What the task asks: From the entries below, list each line with "where".

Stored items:
(* For the measure $\mu$ defined by $\int_{\mathbb{L}}\varphi\,\mathrm{d}\mu=\mathbb{E}[\varphi(\Lambda(X,Y))/d(X,Y)^2]$, with $X,Y$ independent non-backtracking random walks on $\mathbb{T}$ from the root, one has $$\mu\langle x,y\rangle=\tfrac{8}{9}\cdot 2^{-d(x,y)}\quad\text{for all vertices }x\neq y\text{ of }\mathbb{T}.$$
   Context: $\mathbb{T}$ is the $3$-regular tree with graph distance $d$ and root $\varnothing$. Rays are infinite non-backtracking paths from $\varnothing$, and $\partial\mathbb{T}$ is the set of rays. For distinct rays, $\xi\wedge\eta$ is their last common vertex, and the metric on $\partial\mathbb{T}$ is $d(\xi,\eta)=2^{-d(\varnothing,\xi\wedge\eta)}$. $\Lambda(\xi,\eta)$ is the bi-infinite geodesic (line) with ends $\xi,\eta$, and $\mathbb{L}$ is the set of lines. $\langle x,y\rangle$ is the set of lines passing through both $x$ and $y$. A non-backtracking random walk from the root is viewed as a random element of $\partial\mathbb{T}$. *)

theory Defs
  imports "HOL-Probability.Probability"
begin

text \<open>Vertices of the 3-regular tree T: finite words; the root is the empty word,
  the first letter ranges over {0,1,2} (the 3 neighbours of the root), every further
  letter over {0,1} (the 2 children of a non-root vertex).\<close>

definition arity :: "nat \<Rightarrow> nat" where
  "arity i = (if i = 0 then 3 else 2)"

definition is_vertex :: "nat list \<Rightarrow> bool" where
  "is_vertex v \<longleftrightarrow> (\<forall>i < length v. v ! i < arity i)"

fun lcp_len :: "nat list \<Rightarrow> nat list \<Rightarrow> nat" where
  "lcp_len (a # as) (b # bs) = (if a = b then Suc (lcp_len as bs) else 0)"
| "lcp_len _ _ = 0"

text \<open>Graph distance in the tree: path through the last common ancestor.\<close>
definition tdist :: "nat list \<Rightarrow> nat list \<Rightarrow> nat" where
  "tdist x y = length x + length y - 2 * lcp_len x y"
text \<open>
  Universality embeds n copies of the fibre of b over A1; an automorphism extending the induced
  bijection back onto A1 carries them to n points with the same fibre as b over A1.
\<close>

lemma fraisse_limit_pfc_many_copies:
  assumes lim: "fraisse_limit_pfc k ar K M"
    and A1: "finite A1" "A1 \<subseteq> sO M" and b: "b \<in> sP M"
  shows "\<exists>B\<subseteq>sP M. card B = n \<and> (\<forall>b'\<in>B. \<forall>i. \<forall>ys\<in>lists A1. prel M i b' ys \<longleftrightarrow> prel M i b ys)"
proof -
  define m where "m = card A1"
  obtain e where e: "bij_betw e {..<m} A1"
    using ex_bij_betw_nat_finite[OF A1(1)] by (auto simp: m_def atLeast0LessThan)
  then have e_inj: "inj_on e {..<m}" and e_img: "e ` {..<m} = A1" by (simp_all add: bij_betw_def)
  have "in_Kpfc k ar K (prestrict M A1 {b})" using fraisse_limit_pfc_age[OF lim] A1 b by simp
  then have "\<exists>S\<in>K. lisomorphic (fibre (prestrict M (e ` {..<m}) {b}) b) S"
    by (simp add: in_Kpfc_def prestrict_def e_img)
  with fraisse_limit_pfc_wf[OF lim] e_inj have "in_Kpfc k ar K (fibre_copies M e m b n)"
    by (rule in_Kpfc_fibre_copies)
  then obtain f g where fg: "pemb f g (fibre_copies M e m b n) M"
    using fraisse_limit_pfc_universal[OF lim] by blast
  note f = pemb_fibre_copiesD(1,2)[OF fg] and g = pemb_fibre_copiesD(3,4)[OF fg]
  define \<phi> where "\<phi> = e \<circ> inv_into {..<m} f"
  have "bij_betw \<phi> (f ` {..<m}) A1"
    unfolding \<phi>_def using f(1) e by (metis bij_betw_inv_into bij_betw_trans inj_on_imp_bij_betw)
  then have "piso \<phi> id (prestrict M (f ` {..<m}) {}) (prestrict M A1 {})"
    by (auto simp: piso_def pemb_def prestrict_def bij_betw_def)
  then obtain F G where FG: "piso F G M M" and F_\<phi>: "\<forall>a\<in>f ` {..<m}. F a = \<phi> a"
    using fraisse_limit_pfc_homogeneous[OF lim f(2) empty_subsetI A1(2) empty_subsetI] by blast
  have G: "inj_on G (sP M)" "G ` sP M = sP M"
    and G_rel: "\<And>i c xs. c \<in> sP M \<Longrightarrow> xs \<in> lists (sO M) \<Longrightarrow> prel M i (G c) (map F xs) \<longleftrightarrow> prel M i c xs"
    using FG unfolding piso_def pemb_def by blast+
  have same_fibre: "prel M i (G (g j)) ys \<longleftrightarrow> prel M i b ys" if j: "j < n" and ys: "ys \<in> lists A1" for i j ys
  proof -
    obtain zs where zs: "zs \<in> lists {..<m}" "ys = map e zs"
      using ys by (auto simp flip: e_img simp: lists_image)
    have "map F (map f zs) = ys" using zs F_\<phi> f(1) by (auto simp: \<phi>_def inv_into_f_f)
    moreover have "g j \<in> sP M" "map f zs \<in> lists (sO M)" using j zs f(2) g(2) by (auto simp: image_subset_iff)
    ultimately have "prel M i (G (g j)) ys \<longleftrightarrow> prel M i (g j) (map f zs)" using G_rel by metis
    also have "\<dots> \<longleftrightarrow> prel M i b ys" using pemb_fibre_copiesD(5)[OF fg j zs(1)] zs(2) by simp
    finally show ?thesis .
  qed
  have "inj_on (G \<circ> g) {..<n}" using comp_inj_on[OF g(1) inj_on_subset[OF G(1) g(2)]] .
  then have "card ((G \<circ> g) ` {..<n}) = n" by (metis card_image card_lessThan)
  moreover have "(G \<circ> g) ` {..<n} \<subseteq> sP M" using g(2) G(2) by auto
  ultimately show ?thesis using same_fibre by (intro exI[of _ "(G \<circ> g) ` {..<n}"]) auto
qed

Response:
definition arity :: "nat \<Rightarrow> nat" where
definition is_vertex :: "nat list \<Rightarrow> bool" where
fun lcp_len :: "nat list \<Rightarrow> nat list \<Rightarrow> nat" where
definition tdist :: "nat list \<Rightarrow> nat list \<Rightarrow> nat" where
  define m where "m = card A1"
  obtain e where e: "bij_betw e {..<m} A1"
  then obtain f g where fg: "pemb f g (fibre_copies M e m b n) M"
  define \<phi> where "\<phi> = e \<circ> inv_into {..<m} f"
  then obtain F G where FG: "piso F G M M" and F_\<phi>: "\<forall>a\<in>f ` {..<m}. F a = \<phi> a"
    obtain zs where zs: "zs \<in> lists {..<m}" "ys = map e zs"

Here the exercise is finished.